For decades, even centuries, Scots have been at the heart of this economic presence, as Chancellors of the Exchequer (Gordon Brown, Alastair Darling under Labour, Norman Lamont under the Tories) or as Prime Minister (Brown again, Tony Blair – even David Cameron has Scottish roots). They also helped to build and maintain the Empire.

So instead of a seat at this high global table, Scotland seeks to become… what? The new Slovakia (population 5.4 million, average income $24,000)? It’s an instructive parallel. Slovakia became independent of the Czech Republic in 1993 because the Czechs wanted rid of their poorer partner under the forced communist marriage of Czechoslovakia. The SNP, by contrast, is under the illusion that Scotland would emerge a wealthier nation than it is today by ditching its richer partner. The logic is perverse.

At least Slovakia is part of the European Union, with all the benefits that brings. An independent Scotland could not guarantee that its citizens would be able to live and work in the rest of the UK.

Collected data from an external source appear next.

(* Let $M$ be a proper metric space and $A_0,\dots,A_n$ a coarsely transverse $n$-partition of $M$. Then there exists a coarse map $f:M\to\mathrm{C}^n$ such that $f^{-1}(A_i^{\mathrm{std}})=A_i$ for $i=0,\dots,n$.
   Context: For $Y\subseteq M$, $Y_R=\{x:d(x,Y)\le R\}$. A coarsely transverse $n$-partition is a collection of pairwise disjoint Borel sets $A_0,\dots,A_n$ with union $M$ such that $(A_0)_R\cap\dots\cap(A_n)_R$ is bounded for all $R\ge0$. $\mathrm{C}^n$ is the boundary of $\mathbb{R}^{n+1}_{\ge0}=\{x\in\mathbb{R}^{n+1}: x_a\ge0\ \forall a\}$, i.e. the set of $x\in\mathbb{R}^{n+1}_{\ge0}$ with $x_a=0$ for some $a$, with the max metric. Its standard partition is $A_i^{\mathrm{std}}=\{x\in\mathrm{C}^n: x_0,\dots,x_{i-1}>0,\ x_i=0\}$. A coarse map is a Borel map that is controlled (for each $r>0$ there is $R>0$ with $d(x,y)\le r\Rightarrow d(f(x),f(y))\le R$) and proper (preimages of bounded sets are bounded). *)

theory Defs
  imports "HOL-Analysis.Analysis"
begin

definition proper_metric_space :: "'a::metric_space itself \<Rightarrow> bool" where
  "proper_metric_space _ \<longleftrightarrow> (\<forall>(x::'a) r. compact (cball x r))"

text \<open>Closed R-neighbourhood Y_R = {x. d(x,Y) \<le> R}, with d(x,{}) = infinity (so {}_R = {}).\<close>
definition nbhd :: "'a::metric_space set \<Rightarrow> real \<Rightarrow> 'a set" where
  "nbhd Y R = {x. Y \<noteq> {} \<and> infdist x Y \<le> R}"

text \<open>Coarsely transverse partition indexed by a finite linearly ordered type 'i
  (standing for {0,...,n}).\<close>
definition coarsely_transverse_partition :: "('i::{finite,linorder} \<Rightarrow> 'a::metric_space set) \<Rightarrow> bool" where
  "coarsely_transverse_partition A \<longleftrightarrow>
     (\<forall>i. A i \<in> sets borel) \<and>
     (\<forall>i j. i \<noteq> j \<longrightarrow> A i \<inter> A j = {}) \<and>
     (\<Union>i. A i) = UNIV \<and>
     (\<forall>R\<ge>0. bounded (\<Inter>i. nbhd (A i) R))"

definition dmax :: "real^'i::finite \<Rightarrow> real^'i \<Rightarrow> real" where
  "dmax x y = Max (range (\<lambda>a. \<bar>x $ a - y $ a\<bar>))"

definition Ccone :: "(real^'i::finite) set" where
  "Ccone = {x. (\<forall>a. 0 \<le> x $ a) \<and> (\<exists>a. x $ a = 0)}"

definition Astd :: "'i::{finite,linorder} \<Rightarrow> (real^'i::{finite,linorder}) set" where
  "Astd i = {x \<in> Ccone. (\<forall>j<i. 0 < x $ j) \<and> x $ i = 0}"

definition coarse_map_to_C :: "('a::metric_space \<Rightarrow> real^'i::finite) \<Rightarrow> bool" where
  "coarse_map_to_C f \<longleftrightarrow>
     (\<forall>x. f x \<in> Ccone) \<and>
     f \<in> borel_measurable borel \<and>
     (\<forall>r>0. \<exists>R>0. \<forall>x y. dist x y \<le> r \<longrightarrow> dmax (f x) (f y) \<le> R) \<and>
     (\<forall>B. B \<subseteq> Ccone \<longrightarrow> (\<exists>c R. \<forall>y\<in>B. dmax c y \<le> R) \<longrightarrow> bounded (f -` B))"

end

theory Submission
  imports Defs
begin

text \<open>Send \<open>x\<close> to the vector whose \<open>i\<close>-th coordinate is \<open>d(x, A\<^sub>i)\<close>, increased by \<open>1\<close> when
  \<open>x \<notin> A\<^sub>i\<close>. A coordinate vanishes exactly on its own piece and is at least \<open>1\<close> elsewhere, so
  the preimage of \<open>A\<^sub>i\<^sup>std\<close> is \<open>A\<^sub>i\<close>. Each coordinate is \<open>1\<close>-Lipschitz up to the jump of
  height \<open>1\<close>, so the map is controlled. A bounded subset of \<open>C\<^sup>n\<close> has all coordinates
  bounded by some \<open>K\<close>, so its preimage lies in the intersection of the \<open>K\<close>-neighbourhoods
  of the \<open>A\<^sub>i\<close>, which is bounded by transversality.\<close>

lemma dmax_le_iff: "dmax x y \<le> R \<longleftrightarrow> (\<forall>a. \<bar>(x::real^'i::finite) $ a - y $ a\<bar> \<le> R)"
  unfolding dmax_def by (subst Max_le_iff) auto

lemma borel_measurable_vec_lambda:
  fixes g :: "'i::finite \<Rightarrow> 'a \<Rightarrow> real"
  assumes "\<And>a. g a \<in> borel_measurable M"
  shows "(\<lambda>x. \<chi> a. g a x) \<in> borel_measurable M"
proof (rule borel_measurable_euclidean_space[THEN iffD2], intro ballI)
  fix b :: "real^'i"
  assume "b \<in> Basis"
  then obtain a where "b = axis a 1"
    by (auto simp: Basis_vec_def)
  then have "(\<lambda>x. (\<chi> a. g a x) \<bullet> b) = g a"
    by (simp add: cart_eq_inner_axis[symmetric] fun_eq_iff)
  then show "(\<lambda>x. (\<chi> a. g a x) \<bullet> b) \<in> borel_measurable M"
    using assms by simp
qed

text \<open>For \<open>Y = {}\<close> the distance to \<open>Y\<close> would be the junk value \<open>infdist x {} = 0\<close>; the
  distance to a base point \<open>x\<^sub>0\<close> is used instead, which keeps the coordinate proper.\<close>
definition marked_infdist :: "'a::metric_space \<Rightarrow> 'a set \<Rightarrow> 'a \<Rightarrow> real" where
  "marked_infdist x\<^sub>0 Y x = (if Y = {} then dist x x\<^sub>0 else infdist x Y) + (if x \<in> Y then 0 else 1)"

lemma marked_infdist_nonneg: "0 \<le> marked_infdist x\<^sub>0 Y x"
  by (simp add: marked_infdist_def infdist_nonneg)

lemma one_le_marked_infdist: "x \<notin> Y \<Longrightarrow> 1 \<le> marked_infdist x\<^sub>0 Y x"
  by (simp add: marked_infdist_def infdist_nonneg)

lemma marked_infdist_eq_0_iff: "marked_infdist x\<^sub>0 Y x = 0 \<longleftrightarrow> x \<in> Y"
  using one_le_marked_infdist[of x Y x\<^sub>0] by (cases "x \<in> Y") (auto simp: marked_infdist_def)

lemma infdist_le_marked_infdist: "Y \<noteq> {} \<Longrightarrow> infdist x Y \<le> marked_infdist x\<^sub>0 Y x"
  by (simp add: marked_infdist_def)

lemma dist_le_marked_infdist: "Y = {} \<Longrightarrow> dist x x\<^sub>0 \<le> marked_infdist x\<^sub>0 Y x"
  by (simp add: marked_infdist_def)

lemma abs_marked_infdist_diff_le:
  "\<bar>marked_infdist x\<^sub>0 Y x - marked_infdist x\<^sub>0 Y y\<bar> \<le> dist x y + 1"
proof -
  have "\<bar>(if Y = {} then dist x x\<^sub>0 else infdist x Y) - (if Y = {} then dist y x\<^sub>0 else infdist y Y)\<bar>
      \<le> dist x y"
    using abs_dist_diff_le[of x x\<^sub>0 y] infdist_triangle_abs[of x Y y]
    by (simp add: dist_commute)
  moreover have "\<bar>(if x \<in> Y then 0 else 1) - (if y \<in> Y then 0 else 1)\<bar> \<le> (1::real)"
    by simp
  ultimately show ?thesis
    unfolding marked_infdist_def by linarith
qed

lemma borel_measurable_marked_infdist:
  "Y \<in> sets borel \<Longrightarrow> marked_infdist x\<^sub>0 Y \<in> borel_measurable borel"
proof -
  have "(\<lambda>x. if Y = {} then dist x x\<^sub>0 else infdist x Y) \<in> borel_measurable borel"
    by (cases "Y = {}") (simp_all add: borel_measurable_continuous_onI continuous_intros)
  moreover assume "Y \<in> sets borel"
  then have "(\<lambda>x. if x \<in> Y then 0 else 1 :: real) \<in> borel_measurable borel"
    by measurable
  ultimately show ?thesis
    unfolding marked_infdist_def by (rule borel_measurable_add)
qed

definition partition_map :: "'a::metric_space \<Rightarrow> ('i::finite \<Rightarrow> 'a set) \<Rightarrow> 'a \<Rightarrow> real^'i" where
  "partition_map x\<^sub>0 A x = (\<chi> i. marked_infdist x\<^sub>0 (A i) x)"

lemma partition_map_component [simp]: "partition_map x\<^sub>0 A x $ i = marked_infdist x\<^sub>0 (A i) x"
  by (simp add: partition_map_def)

lemma partition_map_in_Ccone:
  assumes "(\<Union>i. A i) = UNIV"
  shows "partition_map x\<^sub>0 A x \<in> Ccone"
proof -
  obtain i where "x \<in> A i"
    using assms by blast
  then show ?thesis
    by (auto simp: Ccone_def marked_infdist_nonneg marked_infdist_eq_0_iff)
qed

lemma vimage_partition_map_Astd:
  fixes A :: "'i::{finite,linorder} \<Rightarrow> 'a::metric_space set"
  assumes disjoint: "\<And>i j. i \<noteq> j \<Longrightarrow> A i \<inter> A j = {}" and cover: "(\<Union>i. A i) = UNIV"
  shows "partition_map x\<^sub>0 A -` Astd i = A i"
proof (intro set_eqI iffI)
  fix x
  assume "x \<in> partition_map x\<^sub>0 A -` Astd i"
  then show "x \<in> A i"
    by (simp add: Astd_def marked_infdist_eq_0_iff)
next
  fix x
  assume "x \<in> A i"
  have "0 < marked_infdist x\<^sub>0 (A j) x" if "j < i" for j
  proof -
    have "x \<notin> A j"
      using disjoint[of i j] \<open>x \<in> A i\<close> that by auto
    then show ?thesis
      using one_le_marked_infdist[of x "A j" x\<^sub>0] by linarith
  qed
  then show "x \<in> partition_map x\<^sub>0 A -` Astd i"
    using \<open>x \<in> A i\<close> partition_map_in_Ccone[OF cover]
    by (simp add: Astd_def marked_infdist_eq_0_iff)
qed

lemma borel_measurable_partition_map:
  "(\<And>i. A i \<in> sets borel) \<Longrightarrow> partition_map x\<^sub>0 A \<in> borel_measurable borel"
  unfolding partition_map_def
  by (intro borel_measurable_vec_lambda borel_measurable_marked_infdist)

lemma dmax_partition_map_le: "dmax (partition_map x\<^sub>0 A x) (partition_map x\<^sub>0 A y) \<le> dist x y + 1"
  by (simp add: dmax_le_iff abs_marked_infdist_diff_le)

lemma bounded_marked_infdist_sublevel:
  assumes transverse: "\<forall>R\<ge>0. bounded (\<Inter>i. nbhd (A i) R)"
  shows "bounded {x. \<forall>i. marked_infdist x\<^sub>0 (A i) x \<le> K}"
proof (cases "\<exists>i. A i = {}")
  case True
  then obtain i where "A i = {}"
    by blast
  have "x \<in> cball x\<^sub>0 K" if "\<forall>i. marked_infdist x\<^sub>0 (A i) x \<le> K" for x
    using dist_le_marked_infdist[OF \<open>A i = {}\<close>, of x x\<^sub>0] that[rule_format, of i]
    by (simp add: dist_commute)
  then have "{x. \<forall>i. marked_infdist x\<^sub>0 (A i) x \<le> K} \<subseteq> cball x\<^sub>0 K"
    by blast
  then show ?thesis
    using bounded_cball bounded_subset by blast
next
  case False
  have "x \<in> nbhd (A i) \<bar>K\<bar>" if "\<forall>i. marked_infdist x\<^sub>0 (A i) x \<le> K" for x i
    using False infdist_le_marked_infdist[of "A i" x x\<^sub>0] that[rule_format, of i]
    by (auto simp: nbhd_def)
  then have "{x. \<forall>i. marked_infdist x\<^sub>0 (A i) x \<le> K} \<subseteq> (\<Inter>i. nbhd (A i) \<bar>K\<bar>)"
    by blast
  moreover have "bounded (\<Inter>i. nbhd (A i) \<bar>K\<bar>)"
    using transverse by simp
  ultimately show ?thesis
    using bounded_subset by blast
qed

lemma bounded_vimage_partition_map:
  assumes transverse: "\<forall>R\<ge>0. bounded (\<Inter>i. nbhd (A i) R)"
    and B_bounded: "\<exists>c R. \<forall>y\<in>B. dmax c y \<le> R"
  shows "bounded (partition_map x\<^sub>0 A -` B)"
proof -
  obtain c R where c_R: "\<forall>y\<in>B. dmax c y \<le> R"
    using B_bounded by blast
  have "marked_infdist x\<^sub>0 (A i) x \<le> norm c + R"
    if "partition_map x\<^sub>0 A x \<in> B" for x i
  proof -
    have "dmax c (partition_map x\<^sub>0 A x) \<le> R"
      using c_R that by blast
    then have "\<bar>c $ i - marked_infdist x\<^sub>0 (A i) x\<bar> \<le> R"
      by (simp add: dmax_le_iff)
    then have "marked_infdist x\<^sub>0 (A i) x \<le> c $ i + R"
      by linarith
    then show ?thesis
      using component_le_norm_cart[of c i] by linarith
  qed
  then have "partition_map x\<^sub>0 A -` B
      \<subseteq> {x. \<forall>i. marked_infdist x\<^sub>0 (A i) x \<le> norm c + R}"
    by blast
  then show ?thesis
    using bounded_marked_infdist_sublevel[OF transverse] bounded_subset by blast
qed

theorem lemma5p10:
  fixes A :: "'i::{finite,linorder} \<Rightarrow> 'a::metric_space set"
  assumes "proper_metric_space TYPE('a)"
    and "coarsely_transverse_partition A"
  shows "\<exists>f :: 'a \<Rightarrow> real^'i::{finite,linorder}. coarse_map_to_C f \<and> (\<forall>i. f -` Astd i = A i)"
proof -
  have borel: "\<And>i. A i \<in> sets borel"
    and disjoint: "\<And>i j. i \<noteq> j \<Longrightarrow> A i \<inter> A j = {}"
    and cover: "(\<Union>i. A i) = UNIV"
    and transverse: "\<forall>R\<ge>0. bounded (\<Inter>i. nbhd (A i) R)"
    using assms(2) unfolding coarsely_transverse_partition_def by auto
  fix x\<^sub>0 :: 'a
  have controlled: "\<exists>R>0. \<forall>x y. dist x y \<le> r \<longrightarrow>
      dmax (partition_map x\<^sub>0 A x) (partition_map x\<^sub>0 A y) \<le> R" if "r > 0" for r
  proof (intro exI[of _ "r + 1"] conjI allI impI)
    fix x y :: 'a
    assume "dist x y \<le> r"
    then show "dmax (partition_map x\<^sub>0 A x) (partition_map x\<^sub>0 A y) \<le> r + 1"
      using dmax_partition_map_le[of x\<^sub>0 A x y] by linarith
  qed (use that in simp)
  have "coarse_map_to_C (partition_map x\<^sub>0 A)"
    unfolding coarse_map_to_C_def
    using partition_map_in_Ccone[OF cover] borel_measurable_partition_map[OF borel] controlled
      bounded_vimage_partition_map[OF transverse]
    by (intro conjI allI impI) auto
  then show ?thesis
    using vimage_partition_map_Astd[OF disjoint cover] by blast
qed

end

5 Lack of natural resources

Once the oil runs out, what does Scotland have that will sustain its fabulously wealthy future? It has whisky, but even with this contribution of £3 billion ($4.8 billion) across the economy, as estimated by the Scotch Whisky Association, it’s small beer. The ability to attract major industries – manufacturing, IT, finance – to the country would be diminished by independence, for all the reasons listed above.

The insurer Standard Life has already warned that it could relocate its headquarters in the event of a Yes vote for independence, endangering 5,000 Scottish jobs. Many more companies are doubtless thinking along the same lines.

I once asked a politician who represented the Western Isles of Scotland why people living in these remote and hostile places should receive subsidies. ‘To keep a diversity of culture,’ he replied. You could say the same of Scotland as a whole. The rest of the UK is content to subsidise this rich and ancient culture. But take away that subsidy and there would likely be massive depopulation. ‘Go to Scotland and there’s nobody there,’ as the country’s best-known comic Billy Connolly succinctly put it.

All these arguments pale into nothing for nationalists, whose blood is up and who scent a kind of revenge on the English for centuries of (as they see it) domination and exploitation. They’re determined to cut off their nose to spite their face.

* * * * *

As a Scot, a yes vote at independence would feel like my parents divorcing. As an economist, it would feel like a regressive, small-minded, self-inflicted act of exile from the 21st century.